Fair Haven Community Health Care, which was part of Mayor Toni Harp’s task force for emergency preparedness with Junta, is among the community organizations that are also part of the relief effort. At the peak of the disaster, 30 to 40 new patients from Puerto Rico sought medical attention from the Fair Haven Community Health Care each week, and the organization has served over 400 evacuees in total, according to Suzanne Lagarde, chief executive officer of Fair Haven Community Health Care.

She said the organization used a “multipronged” approach to treat patients, convening a team of physicians, social workers and behavioral health providers, who would be available to see clients at the same time. Fair Haven Community Health Care also established a hotline specifically for Junta, so that displaced people seeking medical advice could receive help right away.

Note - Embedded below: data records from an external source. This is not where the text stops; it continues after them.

lemma is_packing_UN_separated:
  fixes F :: "'i \<Rightarrow> 'a::metric_space set"
  assumes sep: "\<And>i j x y. i \<in> I \<Longrightarrow> j \<in> I \<Longrightarrow> i \<noteq> j \<Longrightarrow> x \<in> F i \<Longrightarrow> y \<in> F j \<Longrightarrow> s < dist x y"
    and "s \<ge> 0" and pack: "\<And>i. i \<in> I \<Longrightarrow> is_packing dist (F i) (R i)"
    and small: "\<And>i x. i \<in> I \<Longrightarrow> x \<in> F i \<Longrightarrow> R i x \<le> s"
  obtains r where "is_packing dist (\<Union>i\<in>I. F i) r" "\<And>i x. i \<in> I \<Longrightarrow> x \<in> F i \<Longrightarrow> r x = R i x"
proof -
  have disj: "i = j" if "i \<in> I" "j \<in> I" "x \<in> F i" "x \<in> F j" for i j x
    using \<open>s \<ge> 0\<close> sep that by (rule separated_family_disjoint)
  define r where "r x = R (SOME i. i \<in> I \<and> x \<in> F i) x" for x
  have r: "r x = R i x" if "i \<in> I" "x \<in> F i" for i x
    unfolding r_def by (rule someI2[of _ i]) (use that disj in auto)
  have "is_packing dist (\<Union>i\<in>I. F i) r"
    unfolding is_packing_def
  proof safe
    fix i x assume "i \<in> I" "x \<in> F i"
    then show "0 < r x" using pack r by (auto simp: is_packing_def)
  next
    fix i j x y assume ij: "i \<in> I" "x \<in> F i" "j \<in> I" "y \<in> F j" "x \<noteq> y"
    show "r x < dist x y"
    proof (cases "i = j")
      case True
      then show ?thesis using pack r ij by (auto simp: is_packing_def)
    next
      case False
      then show ?thesis using sep[OF ij(1,3) False ij(2,4)] small[OF ij(1,2)] r[OF ij(1,2)] by simp
    qed
  qed
  then show thesis using r by (rule that)
qed
(* Let $\mathbb{H}$ be an infinite-dimensional separable real or complex Hilbert space, and let $P$ be a state on $L(\mathbb{H})$. If $x,y$ are atoms of $L(\mathbb{H})$ with $P(x)=1$ and $P(y)=0$, then $x\perp y$, and there is an atom $z\le x\vee y$ with $P(z)=\tfrac12$.
   Context: $L(\mathbb{H})$ denotes the lattice of closed subspaces of $\mathbb{H}$, ordered by inclusion; its atoms are the one-dimensional subspaces (rays), and $x\vee y$ is the closed span of $x$ and $y$. A state on $L(\mathbb{H})$ is a function $P$ from the atoms of $L(\mathbb{H})$ to $[0,\infty)$ such that $\sum_{j}P(x_j)=1$ for every maximal family $\{x_j\}$ of pairwise orthogonal atoms (i.e. for the rays spanned by any orthonormal basis). *)

theory Defs
  imports "HOL-Analysis.Analysis"
begin

text \<open>A complex Hilbert space is modelled as a real Hilbert space (the realification,
with real inner product Re of the complex one) together with an orthogonal complex
structure J (multiplication by i). Complex-linear closed subspaces are exactly the
J-invariant closed real subspaces.\<close>

definition complex_structure :: "('a::real_inner \<Rightarrow> 'a) \<Rightarrow> bool" where
  "complex_structure J \<longleftrightarrow> linear J \<and> (\<forall>x. J (J x) = - x) \<and> (\<forall>x y. J x \<bullet> J y = x \<bullet> y)"

definition real_atoms :: "'a::real_inner set set" where
  "real_atoms = {span {v} | v. v \<noteq> 0}"

text \<open>Atoms of L(H) for a complex Hilbert space with complex structure J:
complex one-dimensional subspaces  C v = span_R {v, J v}.\<close>
definition complex_atoms :: "('a::real_inner \<Rightarrow> 'a) \<Rightarrow> 'a set set" where
  "complex_atoms J = {span {v, J v} | v. v \<noteq> 0}"

definition orth_sub :: "'a::real_inner set \<Rightarrow> 'a set \<Rightarrow> bool" where
  "orth_sub x y \<longleftrightarrow> (\<forall>u\<in>x. \<forall>w\<in>y. u \<bullet> w = 0)"

definition join_sub :: "'a::real_normed_vector set \<Rightarrow> 'a set \<Rightarrow> 'a set" where
  "join_sub x y = closure (span (x \<union> y))"

definition max_orth_family :: "'a::real_inner set set \<Rightarrow> 'a set set \<Rightarrow> bool" where
  "max_orth_family A F \<longleftrightarrow> F \<subseteq> A \<and>
     (\<forall>x\<in>F. \<forall>y\<in>F. x \<noteq> y \<longrightarrow> orth_sub x y) \<and>
     \<not> (\<exists>z\<in>A. z \<notin> F \<and> (\<forall>x\<in>F. orth_sub z x))"

definition is_state :: "'a::real_inner set set \<Rightarrow> ('a set \<Rightarrow> real) \<Rightarrow> bool" where
  "is_state A P \<longleftrightarrow> (\<forall>x\<in>A. P x \<ge> 0) \<and> (\<forall>F. max_orth_family A F \<longrightarrow> (P has_sum 1) F)"

end

theory Submission
  imports Defs
begin

text \<open>Let \<open>J\<close> be the identity of a real space and multiplication by \<open>\<i>\<close> of a complex one, so that
  atoms are spans of \<open>{v, J v}\<close>, and let \<open>x\<close> be spanned by \<open>{n, J n}\<close> with \<open>n\<close> a unit vector.
  For a unit vector \<open>e\<close> orthogonal to \<open>n\<close> and \<open>J n\<close>, infinite dimension provides a third unit
  vector \<open>f\<close> such that \<open>n, e, f\<close> span a totally real copy of \<open>\<real>\<^sup>3\<close>; on the atoms generated
  by its lines, \<open>P\<close> is a frame function with value \<open>1\<close> at \<open>n\<close>. In the chart \<open>Q \<mapsto> (1, Q)\<close>,
  \<open>Q \<in> \<complex>\<close>, orthogonal triples yield two functional equations. They show that the chart
  function is non-increasing in \<open>\<bar>Q\<bar>\<close>, equals \<open>1/2\<close> on the unit circle, and is positive,
  because a zero would spread, by repeatedly halving the radius, to the unit circle.
  An atom \<open>y\<close> not orthogonal to \<open>x\<close> is the line through some \<open>(1, r)\<close> of such a copy, so
  \<open>P y > 0\<close>; if \<open>y \<perp> x\<close>, the line through \<open>n + e\<close> with \<open>e \<in> y\<close> has \<open>P = 1/2\<close>.\<close>

lemma cos_ge_one_minus_square_half: "1 - x\<^sup>2 / 2 \<le> cos (x::real)"
proof -
  have "\<bar>sin (x/2)\<bar> \<le> \<bar>x/2\<bar>"
    by (rule abs_sin_x_le_abs_x)
  then have "sin (x/2) ^ 2 \<le> (x/2) ^ 2"
    by (metis abs_le_square_iff)
  moreover have "cos x = 1 - 2 * sin (x/2) ^ 2"
    using cos_double_sin[of "x/2"] by simp
  ultimately show ?thesis
    by (simp add: power_divide)
qed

“This was our community. We had to respond,” said Lagarde. “Our staff… were feeling this because they have friends and family in Puerto Rico who were affected. Similarly, our patients’ families and friends were affected.”

Another nonprofit involved in providing services to evacuees is Integrated Refugee and Immigrant Services, which seeks to help refugees and other displaced persons. Enlisted by Junta to assist in the disaster relief effort, Integrated Refugee and Immigrant Services provided school tutoring, resume help and hundreds of winter clothing items to evacuees. The Integrated Refugee and Immigrant Services food pantry — a source of fresh produce and meat — was also made available to those displaced.

Ann O’Brien, director of community engagement at Integrated Refugee and Immigrant Services, said the organization has assisted displaced people who are not refugees or immigrants in the past, including evacuees after Hurricane Katrina.

A bill for disaster relief funding is currently in the appropriations committee of the state legislature. Serrecchia hopes the bill, along with other legislative reforms, will better prepare organizations like Junta to serve displaced people in the future.

“FEMA will leave, and we will still be here to help the people who have been displaced,” Serrecchia said. “We will never close our doors.”